Government order dated 2nd June 1998 and dated 22.10.2002.

9. The Civil Misc. Writ Petition No. 51304 of 2006 and Civil Misc. Writ Petition No.5000 of 1998 were clubbed together and decided by means

of a common judgment by a Division Bench of this Court vide order dated 24.2.2009. The Division Bench amongst other recorded that the

Government order dated 2nd June 1998 was not applicable to the Greater Noida constituted under U.P. Industrial Area Development Act 1977,

it had no application qua with the land within the territorial limit of such Industrial Development Authorities. The Division Bench went on to hold

that the land in question has already been acquired by the Greater Noida in accordance with the provisions contained in Land Acquisition Act. The

notification for acquisition has become final and the petitioner has already been dispossessed.

10. At that stage of the proceedings, the petitioner came up with a plea that discrimination has been practised as some other housing co-operative

societies have been provided developed land by the Greater Noida therefore, benefit of Article 14 of the Constitution of India was prayed for. The

Division Bench after taking note of the said contention as well as to the fact that the petitioner has submitted memorandum of understanding during

the pendency of the Civil Misc. Writ Petition No. 5000 of 1998 permitted the Greater Noida authorities to re-examine the issue on the plea of

discrimination only.

11. The Chief Executive Officer vide order impugned dated 22nd September 2011 has specifically recorded that no memorandum of

understanding was ever executed between the petitioner and the Greater Noida authorities for the various reasons which have been discussed here

in above by us. In absence of any memorandum no benefit can be claimed by the petitioner.

12. The petitioner has chosen to file this 6th writ petition challenging the order dated 22.9.2011 passed by the Greater Noida authorities. It is

submitted that non-execution of memorandum of understanding if any in the fact of the case was because of the fault of the Greater Noida

authorities, the petitioner cannot be penalized.

13. In our opinion, the contention advanced by the learned counsel for the applicant has no substance. We have already dealt in detail the

correspondence made between the petitioner and the Greater Noida authorities in the matter of submission of document pertaining to

memorandum of understanding till 27.7.1996 when the policy was withdrawn. In Civil Misc.
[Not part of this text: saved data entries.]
(* Let $q:=\frac{y_0^2(1-\beta)^2}{\nu^2x_0^{2(1-\beta)}}$. (i) If $q>1$, or $q=1$ and $\frac23\le\beta<1$, then the sequence $(\mathbb{P}_\infty^{(n)})_{n\ge0}$ diverges. (ii) If $q<1$, or $q=1$ and $0\le\beta<\frac23$, then as $n\to\infty$, $$\mathbb{P}_\infty=\mathbb{P}_\infty^{(n)}+\mathcal{O}\!\left(n^{-1+\frac{\beta}{2-2\beta}}\exp\!\big(-n\log(1/q)\big)\right).$$
   Context: Parameters $x_0,y_0,\nu>0$, $\beta\in[0,1)$. $\Gamma(v,x):=\Gamma(v)^{-1}\int_0^xu^{v-1}e^{-u}\,\mathrm{d}u$. $\mathbb{P}_\infty:=\frac{y_0}{\nu\sqrt{2\pi}}\int_0^\infty\left[1-\Gamma\!\left(\frac{1}{2(1-\beta)},\frac{x_0^{2(1-\beta)}}{2r(1-\beta)^2}\right)\right]r^{-3/2}\exp\!\left(-\frac{y_0^2}{2\nu^2r}\right)\mathrm{d}r$ (the large-time mass at zero of the uncorrelated SABR model), and for $n\ge0$, $\mathbb{P}_\infty^{(n)}:=\int_0^\infty\left[1-\Gamma\!\left(\frac{1}{2(1-\beta)},\frac{x_0^{2(1-\beta)}}{2r(1-\beta)^2}\right)\right]\frac{y_0}{\nu r^{3/2}\sqrt{2\pi}}\sum_{k=0}^n\frac{1}{k!}\left(-\frac{y_0^2}{2\nu^2r}\right)^k\mathrm{d}r$, equivalently $\mathbb{P}_\infty^{(n)}=\sum_{k=0}^n(-1)^kb_k$ with $b_k:=\frac{2y_0(1-\beta)}{\Gamma(\frac{1}{2(1-\beta)})\nu\sqrt{\pi}x_0^{1-\beta}}q^k\frac{\Gamma(k+1+\frac{\beta}{2-2\beta})}{k!(1+2k)}$. *)

theory Defs
  imports "HOL-Analysis.Analysis" "HOL-Library.Landau_Symbols"
begin

definition reg_lower_gamma :: "real \<Rightarrow> real \<Rightarrow> real" where
  "reg_lower_gamma v x = (LBINT u:{0..x}. u powr (v - 1) * exp (- u)) / Gamma v"

definition sabr_tail :: "real \<Rightarrow> real \<Rightarrow> real \<Rightarrow> real" where
  "sabr_tail x0 \<beta> r =
     1 - reg_lower_gamma (1 / (2 * (1 - \<beta>))) (x0 powr (2 * (1 - \<beta>)) / (2 * r * (1 - \<beta>)\<^sup>2))"
theorem proposition1p5:
  fixes k n :: nat
  assumes "1 \<le> k" and "k \<le> n - 1"
  shows
    \<comment> \<open>(i)\<close>
    "simplicial_iso (\<lambda>I. (\<lambda>i. n + 1 - i) ` I) (V k n) (NC_faces k n) (V k n) (NC_faces k n)
     \<comment> \<open>(ii)\<close>
   \<and> simplicial_iso (\<lambda>I. {1..n} - I) (V k n) (NC_faces k n) (V (n - k) n) (NC_faces (n - k) n)
   \<and> (\<forall>I\<in>V k n. \<forall>J\<in>V k n. noncrossing I J \<longleftrightarrow> noncrossing ({1..n} - I) ({1..n} - J))
     \<comment> \<open>(iii)\<close>
   \<and> (\<forall>I\<in>V k n. \<forall>J\<in>V k n. I \<noteq> J \<longrightarrow>
        (let S = (I - J) \<union> (J - I); m = card (I - J) in
           card (J - I) = m
         \<and> relabel S ` (I - J) \<in> V m (2 * m) \<and> relabel S ` (J - I) \<in> V m (2 * m)
         \<and> (noncrossing I J \<longleftrightarrow> noncrossing (relabel S ` (I - J)) (relabel S ` (J - I)))))
     \<comment> \<open>(iv)\<close>
   \<and> (\<forall>b\<in>{1..n}.
        simplicial_iso (\<lambda>I. del_relabel b ` (I - {b}))
          {I \<in> V k n. b \<in> I} (restrict_faces (NC_faces k n) {I \<in> V k n. b \<in> I})
          (V (k - 1) (n - 1)) (NC_faces (k - 1) (n - 1))
      \<and> simplicial_iso (\<lambda>I. del_relabel b ` (I - {b}))
          {I \<in> V k n. b \<notin> I} (restrict_faces (NC_faces k n) {I \<in> V k n. b \<notin> I})
          (V k (n - 1)) (NC_faces k (n - 1)))
     \<comment> \<open>(v)\<close>
   \<and> (\<forall>c\<in>{1..n}.
        cyc_interval n k c \<in> V k n
      \<and> (\<forall>I\<in>V k n. noncrossing (cyc_interval n k c) I)
      \<and> (\<forall>F. maximal_face (NC_faces k n) F \<longrightarrow> cyc_interval n k c \<in> F))"
proof -
  have "k \<le> n" using assms by linarith
  then show ?thesis
    using assms(1) mem_VD
    by (intro conjI ballI impI allI simplicial_iso_NC_reflection simplicial_iso_NC_complement
        noncrossing_complement_iff_V[symmetric] relabel_sym_diff simplicial_iso_NC_containing
        simplicial_iso_NC_avoiding cyc_interval_mem_V noncrossing_cyc_interval
        cyc_interval_mem_maximal_face) auto
qed

end
lemma infsum_logderiv_coeff_gauss:
  assumes "\<delta> > 0"
  shows "(\<Sum>\<^sub>\<infinity>j. logderiv_coeff \<delta> j * exp (- \<delta> * (of_int N - of_int j)\<^sup>2))
    = of_int N * exp (- \<delta> * (of_int N)\<^sup>2)"
proof -
  define B where "B N = exp (\<delta> * (of_int N)\<^sup>2) *
    (\<Sum>\<^sub>\<infinity>j. logderiv_coeff \<delta> j * exp (- \<delta> * (of_int N - of_int j)\<^sup>2))" for N :: int
  have B_succ: "B (N + 1) = B N + 1" for N
  proof -
    let ?n = "of_int N :: real"
    define t where "t j = logderiv_coeff \<delta> j * exp (- \<delta> * (?n - of_int j)\<^sup>2)" for j
    define r where "r j = alt_sign j * exp (\<delta> * of_int j - \<delta> * (?n - of_int j)\<^sup>2)" for j
    define e where "e j = (if j = 0 then 1 else 0 :: real)" for j :: int
    have "exp (\<delta> * (?n + 1)\<^sup>2) * (logderiv_coeff \<delta> j * exp (- \<delta> * (?n + 1 - of_int j)\<^sup>2))
        = exp (\<delta> * ?n\<^sup>2) * (t j - r j) + e j" for j
    proof -
      define G where "G = exp (\<delta> * ?n\<^sup>2) * exp (- \<delta> * (?n - of_int j)\<^sup>2)"
      have "exp (\<delta> * (?n + 1)\<^sup>2) * exp (- \<delta> * (?n + 1 - of_int j)\<^sup>2) = exp (2 * \<delta> * of_int j) * G"
        by (simp add: G_def power2_eq_square algebra_simps flip: exp_add)
      then have "exp (\<delta> * (?n + 1)\<^sup>2) * (logderiv_coeff \<delta> j * exp (- \<delta> * (?n + 1 - of_int j)\<^sup>2))
          = (logderiv_coeff \<delta> j * exp (2 * \<delta> * of_int j)) * G"
        by (metis mult.assoc mult.left_commute)
      also have "\<dots> = (logderiv_coeff \<delta> j - alt_sign j * exp (\<delta> * of_int j) + e j) * G"
        by (simp add: logderiv_coeff_mult_exp[OF assms] e_def)
      also have "\<dots> = exp (\<delta> * ?n\<^sup>2) * (t j - r j) + e j"
      proof -
        have "exp (\<delta> * of_int j - \<delta> * (?n - of_int j)\<^sup>2) = exp (\<delta> * of_int j) * exp (- \<delta> * (?n - of_int j)\<^sup>2)"
          by (simp flip: exp_add)
        moreover have "e j * G = e j"
          by (simp add: e_def G_def flip: exp_add)
        ultimately show ?thesis
          by (simp add: t_def r_def G_def algebra_simps)
      qed
      finally show ?thesis .
    qed
    then have "B (N + 1) = (\<Sum>\<^sub>\<infinity>j. exp (\<delta> * ?n\<^sup>2) * (t j + - r j) + e j)"
      unfolding B_def by (simp flip: infsum_cmult_right')
    also have "\<dots> = exp (\<delta> * ?n\<^sup>2) * infsum t UNIV + 1"
    proof (rule infsumI)
      have "(t has_sum infsum t UNIV) UNIV"
        unfolding t_def by (intro has_sum_infsum summable_on_logderiv_coeff_gauss assms)
      moreover have "((\<lambda>j. - r j) has_sum 0) UNIV"
        using has_sum_infsum[OF summable_on_alt_sign_gauss[OF assms, of ?n]]
          infsum_alt_sign_gauss_eq_0[of \<delta> N] by (simp add: r_def has_sum_uminus)
      moreover have "(e has_sum 1) UNIV"
        by (rule has_sum_finite_neutralI[of "{0}"]) (auto simp: e_def)
      ultimately show "((\<lambda>j. exp (\<delta> * ?n\<^sup>2) * (t j + - r j) + e j)
          has_sum (exp (\<delta> * ?n\<^sup>2) * infsum t UNIV + 1)) UNIV"
        using has_sum_add[OF has_sum_cmult_right[OF has_sum_add]] by fastforce
    qed
    also have "\<dots> = B N + 1"
      by (simp add: B_def t_def[abs_def])
    finally show ?thesis .
  qed
  have "B 0 = 0"
    unfolding B_def
    by (simp, rule infsum_eq_0_if_antisymmetric[of _ 0]) (simp add: logderiv_coeff_minus)
  then have "B N = of_int N"
  proof (induction N rule: int_induct[where k = 0])
    case (step2 i)
    then show ?case using B_succ[of "i - 1"] by simp
  qed (simp_all add: B_succ)
  then show ?thesis
    by (simp add: B_def exp_minus field_simps)
qed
Writ Petition No. 5000 of 1998 one of the prayer

made by the petitioner was for execution of memorandum of understanding in his favour which relief has not been granted therefore, the relief is

deemed to have been rejected.

14. In the totality of the facts and circumstances of the case, we see no cogent and justifiable reason to interfere with the order refusing to grant

benefit to the petitioner in the absence of memorandum of understanding having been executed prior to the policy decision of the Greater Noida

authorities withdrawing the policy vide resolution dated 27.7.1990. The learned counsel for the petitioner failed to point out any discrimination vis-

a-vis any other co-operative societies with which no Memorandum of Understanding was executed for the allotment of the developed plots by the

Greater Noida authorities out of the total land acquired.

15. Sri M.D. Singh ''Shekhar'' learned Senior Advocate submits that till date no award has been made in respect of the acquired land nor any

compensation has been paid to the petitioner''s land owners. On behalf of the respondents, it is submitted that award in respect of the acquired

land has already been made long back. If the petitioner approaches before the Special Land Acquisition Officer, his grievance shall also be

considered like other tenure holders who have been paid compensation after preparation of the award.

16. It is provided that it shall be open for the petitioner to agitate his claim in the matter of payment of compensation before the concerned

authority who shall consider and decide the same in accordance with law at the earliest possible. This Court is not expressing any opinion on the

right of the petitioner in the matter of payment of compensation.

17. Writ petition is dismissed subject to the observations made.